#### Records supplied

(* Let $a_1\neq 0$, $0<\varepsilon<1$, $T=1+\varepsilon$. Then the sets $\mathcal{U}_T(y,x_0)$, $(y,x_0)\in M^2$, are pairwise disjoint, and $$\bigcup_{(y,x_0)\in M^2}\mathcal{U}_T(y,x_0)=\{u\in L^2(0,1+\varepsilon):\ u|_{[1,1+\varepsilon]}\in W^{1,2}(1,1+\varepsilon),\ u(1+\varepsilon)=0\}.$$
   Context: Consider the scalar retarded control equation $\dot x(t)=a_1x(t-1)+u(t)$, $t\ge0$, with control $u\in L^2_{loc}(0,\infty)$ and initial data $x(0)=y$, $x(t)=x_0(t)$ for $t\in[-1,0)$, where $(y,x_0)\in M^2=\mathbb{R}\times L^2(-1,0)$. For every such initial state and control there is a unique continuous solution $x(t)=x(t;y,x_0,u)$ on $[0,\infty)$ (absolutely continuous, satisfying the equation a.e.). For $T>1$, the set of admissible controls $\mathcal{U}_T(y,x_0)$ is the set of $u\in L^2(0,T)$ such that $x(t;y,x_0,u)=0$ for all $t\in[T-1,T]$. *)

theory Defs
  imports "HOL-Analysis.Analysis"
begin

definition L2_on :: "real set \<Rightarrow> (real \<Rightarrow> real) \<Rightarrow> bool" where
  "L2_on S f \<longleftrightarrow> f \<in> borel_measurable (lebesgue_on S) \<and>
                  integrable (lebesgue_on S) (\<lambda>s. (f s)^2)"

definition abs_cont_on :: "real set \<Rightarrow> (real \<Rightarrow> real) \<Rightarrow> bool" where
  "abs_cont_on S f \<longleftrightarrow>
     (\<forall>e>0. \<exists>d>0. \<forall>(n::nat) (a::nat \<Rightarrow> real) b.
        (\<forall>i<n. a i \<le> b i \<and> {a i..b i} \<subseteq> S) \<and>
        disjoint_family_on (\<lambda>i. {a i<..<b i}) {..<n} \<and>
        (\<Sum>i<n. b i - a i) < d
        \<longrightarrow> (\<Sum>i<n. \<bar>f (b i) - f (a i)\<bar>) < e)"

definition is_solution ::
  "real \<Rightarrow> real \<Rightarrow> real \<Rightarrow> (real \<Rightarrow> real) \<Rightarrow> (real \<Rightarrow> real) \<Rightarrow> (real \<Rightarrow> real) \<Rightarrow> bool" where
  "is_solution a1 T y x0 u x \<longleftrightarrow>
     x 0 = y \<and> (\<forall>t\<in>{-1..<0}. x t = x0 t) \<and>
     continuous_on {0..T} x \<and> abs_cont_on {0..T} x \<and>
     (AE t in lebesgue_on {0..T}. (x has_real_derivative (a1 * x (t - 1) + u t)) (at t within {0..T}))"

########
#### Records supplied

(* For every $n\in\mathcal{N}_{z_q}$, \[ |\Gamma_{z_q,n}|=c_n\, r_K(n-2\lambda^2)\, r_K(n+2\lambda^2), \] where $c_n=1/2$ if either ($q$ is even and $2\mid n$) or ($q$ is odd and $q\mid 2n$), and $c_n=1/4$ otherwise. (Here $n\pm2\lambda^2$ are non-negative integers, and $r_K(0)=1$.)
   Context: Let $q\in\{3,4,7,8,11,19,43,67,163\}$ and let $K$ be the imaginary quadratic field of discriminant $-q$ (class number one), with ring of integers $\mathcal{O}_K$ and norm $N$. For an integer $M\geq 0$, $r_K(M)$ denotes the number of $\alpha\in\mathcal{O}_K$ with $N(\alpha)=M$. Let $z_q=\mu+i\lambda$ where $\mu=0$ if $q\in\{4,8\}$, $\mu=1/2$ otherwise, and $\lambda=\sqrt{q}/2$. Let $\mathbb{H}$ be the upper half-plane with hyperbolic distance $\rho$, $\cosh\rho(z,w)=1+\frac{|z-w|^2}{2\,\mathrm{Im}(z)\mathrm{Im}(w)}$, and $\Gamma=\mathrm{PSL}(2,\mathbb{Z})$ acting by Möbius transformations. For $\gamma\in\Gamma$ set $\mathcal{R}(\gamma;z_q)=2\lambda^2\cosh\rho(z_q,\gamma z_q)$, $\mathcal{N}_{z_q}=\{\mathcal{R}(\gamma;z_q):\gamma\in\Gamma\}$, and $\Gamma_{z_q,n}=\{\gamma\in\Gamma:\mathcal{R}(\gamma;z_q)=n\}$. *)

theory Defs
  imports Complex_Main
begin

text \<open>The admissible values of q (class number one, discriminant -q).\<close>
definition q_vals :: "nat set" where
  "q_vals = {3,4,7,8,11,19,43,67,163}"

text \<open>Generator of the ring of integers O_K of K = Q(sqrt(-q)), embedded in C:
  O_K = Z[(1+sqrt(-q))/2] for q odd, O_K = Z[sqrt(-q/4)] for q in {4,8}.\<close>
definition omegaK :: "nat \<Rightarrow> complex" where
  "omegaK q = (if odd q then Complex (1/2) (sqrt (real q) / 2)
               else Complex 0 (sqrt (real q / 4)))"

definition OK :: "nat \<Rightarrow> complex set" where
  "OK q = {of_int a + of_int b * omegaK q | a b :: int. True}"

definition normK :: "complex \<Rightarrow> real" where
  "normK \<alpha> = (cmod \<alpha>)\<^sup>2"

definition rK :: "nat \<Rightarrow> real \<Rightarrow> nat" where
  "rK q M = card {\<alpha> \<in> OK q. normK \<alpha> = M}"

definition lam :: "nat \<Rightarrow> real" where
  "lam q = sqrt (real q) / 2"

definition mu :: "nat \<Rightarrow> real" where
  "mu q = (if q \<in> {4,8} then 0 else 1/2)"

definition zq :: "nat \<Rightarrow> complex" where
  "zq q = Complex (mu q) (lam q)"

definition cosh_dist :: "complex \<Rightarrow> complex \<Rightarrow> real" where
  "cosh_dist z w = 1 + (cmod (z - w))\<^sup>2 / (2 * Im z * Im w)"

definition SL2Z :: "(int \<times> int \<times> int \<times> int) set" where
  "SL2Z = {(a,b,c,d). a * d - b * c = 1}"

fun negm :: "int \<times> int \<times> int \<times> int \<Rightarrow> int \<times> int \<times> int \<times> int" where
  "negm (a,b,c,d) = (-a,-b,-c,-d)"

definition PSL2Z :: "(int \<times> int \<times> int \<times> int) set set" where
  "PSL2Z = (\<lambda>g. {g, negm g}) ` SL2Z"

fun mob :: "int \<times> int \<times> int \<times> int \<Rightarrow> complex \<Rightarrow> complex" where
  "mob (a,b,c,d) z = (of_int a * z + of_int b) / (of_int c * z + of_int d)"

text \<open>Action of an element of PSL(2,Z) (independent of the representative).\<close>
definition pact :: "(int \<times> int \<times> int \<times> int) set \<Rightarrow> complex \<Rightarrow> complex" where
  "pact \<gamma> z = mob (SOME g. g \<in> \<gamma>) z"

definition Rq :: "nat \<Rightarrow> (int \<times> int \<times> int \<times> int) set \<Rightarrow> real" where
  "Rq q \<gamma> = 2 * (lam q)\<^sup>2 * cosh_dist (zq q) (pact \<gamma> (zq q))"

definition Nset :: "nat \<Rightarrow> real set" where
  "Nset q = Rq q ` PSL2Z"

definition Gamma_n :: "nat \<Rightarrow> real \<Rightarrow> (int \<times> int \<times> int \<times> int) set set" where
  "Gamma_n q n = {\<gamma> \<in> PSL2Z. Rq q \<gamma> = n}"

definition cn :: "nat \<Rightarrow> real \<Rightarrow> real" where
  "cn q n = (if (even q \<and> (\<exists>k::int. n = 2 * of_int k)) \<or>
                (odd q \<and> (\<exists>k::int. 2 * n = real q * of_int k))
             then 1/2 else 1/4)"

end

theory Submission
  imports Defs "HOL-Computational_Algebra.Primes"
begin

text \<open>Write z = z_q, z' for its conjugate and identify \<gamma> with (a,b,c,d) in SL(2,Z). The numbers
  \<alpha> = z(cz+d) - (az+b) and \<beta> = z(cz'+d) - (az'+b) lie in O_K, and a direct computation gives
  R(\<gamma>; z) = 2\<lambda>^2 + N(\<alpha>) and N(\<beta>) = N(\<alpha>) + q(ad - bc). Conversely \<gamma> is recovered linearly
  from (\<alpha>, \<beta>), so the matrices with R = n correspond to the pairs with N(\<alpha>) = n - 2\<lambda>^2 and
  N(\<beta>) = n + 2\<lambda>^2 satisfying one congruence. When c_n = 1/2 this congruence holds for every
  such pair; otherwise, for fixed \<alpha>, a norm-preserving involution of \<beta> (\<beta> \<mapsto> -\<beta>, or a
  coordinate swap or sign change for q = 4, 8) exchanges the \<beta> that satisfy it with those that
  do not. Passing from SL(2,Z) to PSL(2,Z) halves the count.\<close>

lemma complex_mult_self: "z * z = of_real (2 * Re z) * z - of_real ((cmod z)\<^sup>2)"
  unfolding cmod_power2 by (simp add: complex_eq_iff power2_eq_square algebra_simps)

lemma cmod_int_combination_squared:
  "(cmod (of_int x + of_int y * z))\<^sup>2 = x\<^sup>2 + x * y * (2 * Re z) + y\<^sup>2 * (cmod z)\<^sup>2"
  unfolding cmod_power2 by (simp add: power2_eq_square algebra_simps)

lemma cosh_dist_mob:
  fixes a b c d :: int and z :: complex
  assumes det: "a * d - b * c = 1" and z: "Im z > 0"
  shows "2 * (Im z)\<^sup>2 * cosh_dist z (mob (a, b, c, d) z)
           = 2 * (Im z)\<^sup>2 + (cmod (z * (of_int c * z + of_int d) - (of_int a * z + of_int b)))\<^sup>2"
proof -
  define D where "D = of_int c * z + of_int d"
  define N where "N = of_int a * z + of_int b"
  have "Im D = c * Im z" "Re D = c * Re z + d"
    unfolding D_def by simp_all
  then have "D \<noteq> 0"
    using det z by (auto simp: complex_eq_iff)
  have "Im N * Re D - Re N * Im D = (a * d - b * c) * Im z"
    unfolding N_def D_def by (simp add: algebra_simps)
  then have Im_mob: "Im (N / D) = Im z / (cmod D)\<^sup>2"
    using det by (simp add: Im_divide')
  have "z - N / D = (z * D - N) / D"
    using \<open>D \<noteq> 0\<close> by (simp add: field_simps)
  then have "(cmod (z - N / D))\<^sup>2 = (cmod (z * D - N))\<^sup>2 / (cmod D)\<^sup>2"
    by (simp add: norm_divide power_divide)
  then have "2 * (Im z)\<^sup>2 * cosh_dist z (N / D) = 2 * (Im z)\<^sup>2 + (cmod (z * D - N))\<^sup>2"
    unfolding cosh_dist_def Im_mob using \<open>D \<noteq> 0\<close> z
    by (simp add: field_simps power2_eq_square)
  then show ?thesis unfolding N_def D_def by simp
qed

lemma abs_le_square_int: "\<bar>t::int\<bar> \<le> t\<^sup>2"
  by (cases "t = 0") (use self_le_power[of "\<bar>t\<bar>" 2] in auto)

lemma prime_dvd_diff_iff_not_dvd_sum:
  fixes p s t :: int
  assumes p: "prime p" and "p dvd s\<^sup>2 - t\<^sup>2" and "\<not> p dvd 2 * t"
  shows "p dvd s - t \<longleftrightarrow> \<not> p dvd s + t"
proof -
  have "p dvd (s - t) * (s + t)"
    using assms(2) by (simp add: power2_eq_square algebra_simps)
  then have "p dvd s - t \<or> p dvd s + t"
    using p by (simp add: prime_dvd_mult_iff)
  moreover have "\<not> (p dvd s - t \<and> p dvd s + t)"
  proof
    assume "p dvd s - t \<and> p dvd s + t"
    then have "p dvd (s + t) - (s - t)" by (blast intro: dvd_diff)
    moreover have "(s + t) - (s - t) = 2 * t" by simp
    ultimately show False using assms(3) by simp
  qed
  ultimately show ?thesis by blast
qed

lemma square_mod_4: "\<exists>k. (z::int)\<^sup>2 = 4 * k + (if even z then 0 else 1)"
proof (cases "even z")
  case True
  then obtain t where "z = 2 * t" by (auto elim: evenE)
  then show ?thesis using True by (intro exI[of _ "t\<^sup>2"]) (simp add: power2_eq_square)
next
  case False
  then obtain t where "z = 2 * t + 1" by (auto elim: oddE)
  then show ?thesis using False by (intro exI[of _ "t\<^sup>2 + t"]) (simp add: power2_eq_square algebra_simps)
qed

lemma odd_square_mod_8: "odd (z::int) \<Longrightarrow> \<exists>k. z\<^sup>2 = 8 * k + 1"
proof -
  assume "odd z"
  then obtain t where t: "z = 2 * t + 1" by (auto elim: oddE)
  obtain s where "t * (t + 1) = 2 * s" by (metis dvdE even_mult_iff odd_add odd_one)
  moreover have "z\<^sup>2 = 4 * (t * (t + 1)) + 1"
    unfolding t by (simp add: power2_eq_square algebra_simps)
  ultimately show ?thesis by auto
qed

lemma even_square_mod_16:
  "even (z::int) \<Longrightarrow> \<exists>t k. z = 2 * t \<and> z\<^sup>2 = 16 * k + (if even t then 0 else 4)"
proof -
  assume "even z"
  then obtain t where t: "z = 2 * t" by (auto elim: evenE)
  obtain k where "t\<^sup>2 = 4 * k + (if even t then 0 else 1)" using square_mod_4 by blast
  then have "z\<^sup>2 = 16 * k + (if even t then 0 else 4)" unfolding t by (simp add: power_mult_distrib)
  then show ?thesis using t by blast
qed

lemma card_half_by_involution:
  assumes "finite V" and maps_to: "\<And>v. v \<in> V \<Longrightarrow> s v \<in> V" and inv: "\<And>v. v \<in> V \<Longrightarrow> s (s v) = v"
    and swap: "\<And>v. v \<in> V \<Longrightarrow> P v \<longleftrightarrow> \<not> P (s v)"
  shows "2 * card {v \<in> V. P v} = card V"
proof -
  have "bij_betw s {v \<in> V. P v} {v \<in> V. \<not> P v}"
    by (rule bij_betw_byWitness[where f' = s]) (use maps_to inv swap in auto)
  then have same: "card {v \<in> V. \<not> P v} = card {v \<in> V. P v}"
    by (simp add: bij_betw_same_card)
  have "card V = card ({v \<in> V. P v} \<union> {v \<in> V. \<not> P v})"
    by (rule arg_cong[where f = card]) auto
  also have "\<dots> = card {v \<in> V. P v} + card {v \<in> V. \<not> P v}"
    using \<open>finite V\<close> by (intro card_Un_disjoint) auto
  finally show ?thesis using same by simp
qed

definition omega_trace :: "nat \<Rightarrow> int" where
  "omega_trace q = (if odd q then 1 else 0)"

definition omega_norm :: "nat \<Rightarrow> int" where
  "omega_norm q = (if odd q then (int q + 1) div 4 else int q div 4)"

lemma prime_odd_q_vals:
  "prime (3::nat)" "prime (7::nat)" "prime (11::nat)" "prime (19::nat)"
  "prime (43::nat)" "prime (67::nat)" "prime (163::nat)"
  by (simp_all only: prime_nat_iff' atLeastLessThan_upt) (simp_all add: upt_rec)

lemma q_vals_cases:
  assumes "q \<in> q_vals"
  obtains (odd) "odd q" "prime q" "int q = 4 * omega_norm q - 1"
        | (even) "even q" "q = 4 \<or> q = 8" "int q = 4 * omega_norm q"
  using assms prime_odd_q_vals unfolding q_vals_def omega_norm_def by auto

########

• _Task objective_
Given the data above, transcribe exactly the lines from the one containing "(* Let $a_1\neq" down to the one containing "x 0 = y \<and>", and no others.

• _Answer section_
(* Let $a_1\neq 0$, $0<\varepsilon<1$, $T=1+\varepsilon$. Then the sets $\mathcal{U}_T(y,x_0)$, $(y,x_0)\in M^2$, are pairwise disjoint, and $$\bigcup_{(y,x_0)\in M^2}\mathcal{U}_T(y,x_0)=\{u\in L^2(0,1+\varepsilon):\ u|_{[1,1+\varepsilon]}\in W^{1,2}(1,1+\varepsilon),\ u(1+\varepsilon)=0\}.$$
   Context: Consider the scalar retarded control equation $\dot x(t)=a_1x(t-1)+u(t)$, $t\ge0$, with control $u\in L^2_{loc}(0,\infty)$ and initial data $x(0)=y$, $x(t)=x_0(t)$ for $t\in[-1,0)$, where $(y,x_0)\in M^2=\mathbb{R}\times L^2(-1,0)$. For every such initial state and control there is a unique continuous solution $x(t)=x(t;y,x_0,u)$ on $[0,\infty)$ (absolutely continuous, satisfying the equation a.e.). For $T>1$, the set of admissible controls $\mathcal{U}_T(y,x_0)$ is the set of $u\in L^2(0,T)$ such that $x(t;y,x_0,u)=0$ for all $t\in[T-1,T]$. *)

theory Defs
  imports "HOL-Analysis.Analysis"
begin

definition L2_on :: "real set \<Rightarrow> (real \<Rightarrow> real) \<Rightarrow> bool" where
  "L2_on S f \<longleftrightarrow> f \<in> borel_measurable (lebesgue_on S) \<and>
                  integrable (lebesgue_on S) (\<lambda>s. (f s)^2)"

definition abs_cont_on :: "real set \<Rightarrow> (real \<Rightarrow> real) \<Rightarrow> bool" where
  "abs_cont_on S f \<longleftrightarrow>
     (\<forall>e>0. \<exists>d>0. \<forall>(n::nat) (a::nat \<Rightarrow> real) b.
        (\<forall>i<n. a i \<le> b i \<and> {a i..b i} \<subseteq> S) \<and>
        disjoint_family_on (\<lambda>i. {a i<..<b i}) {..<n} \<and>
        (\<Sum>i<n. b i - a i) < d
        \<longrightarrow> (\<Sum>i<n. \<bar>f (b i) - f (a i)\<bar>) < e)"

definition is_solution ::
  "real \<Rightarrow> real \<Rightarrow> real \<Rightarrow> (real \<Rightarrow> real) \<Rightarrow> (real \<Rightarrow> real) \<Rightarrow> (real \<Rightarrow> real) \<Rightarrow> bool" where
  "is_solution a1 T y x0 u x \<longleftrightarrow>
     x 0 = y \<and> (\<forall>t\<in>{-1..<0}. x t = x0 t) \<and>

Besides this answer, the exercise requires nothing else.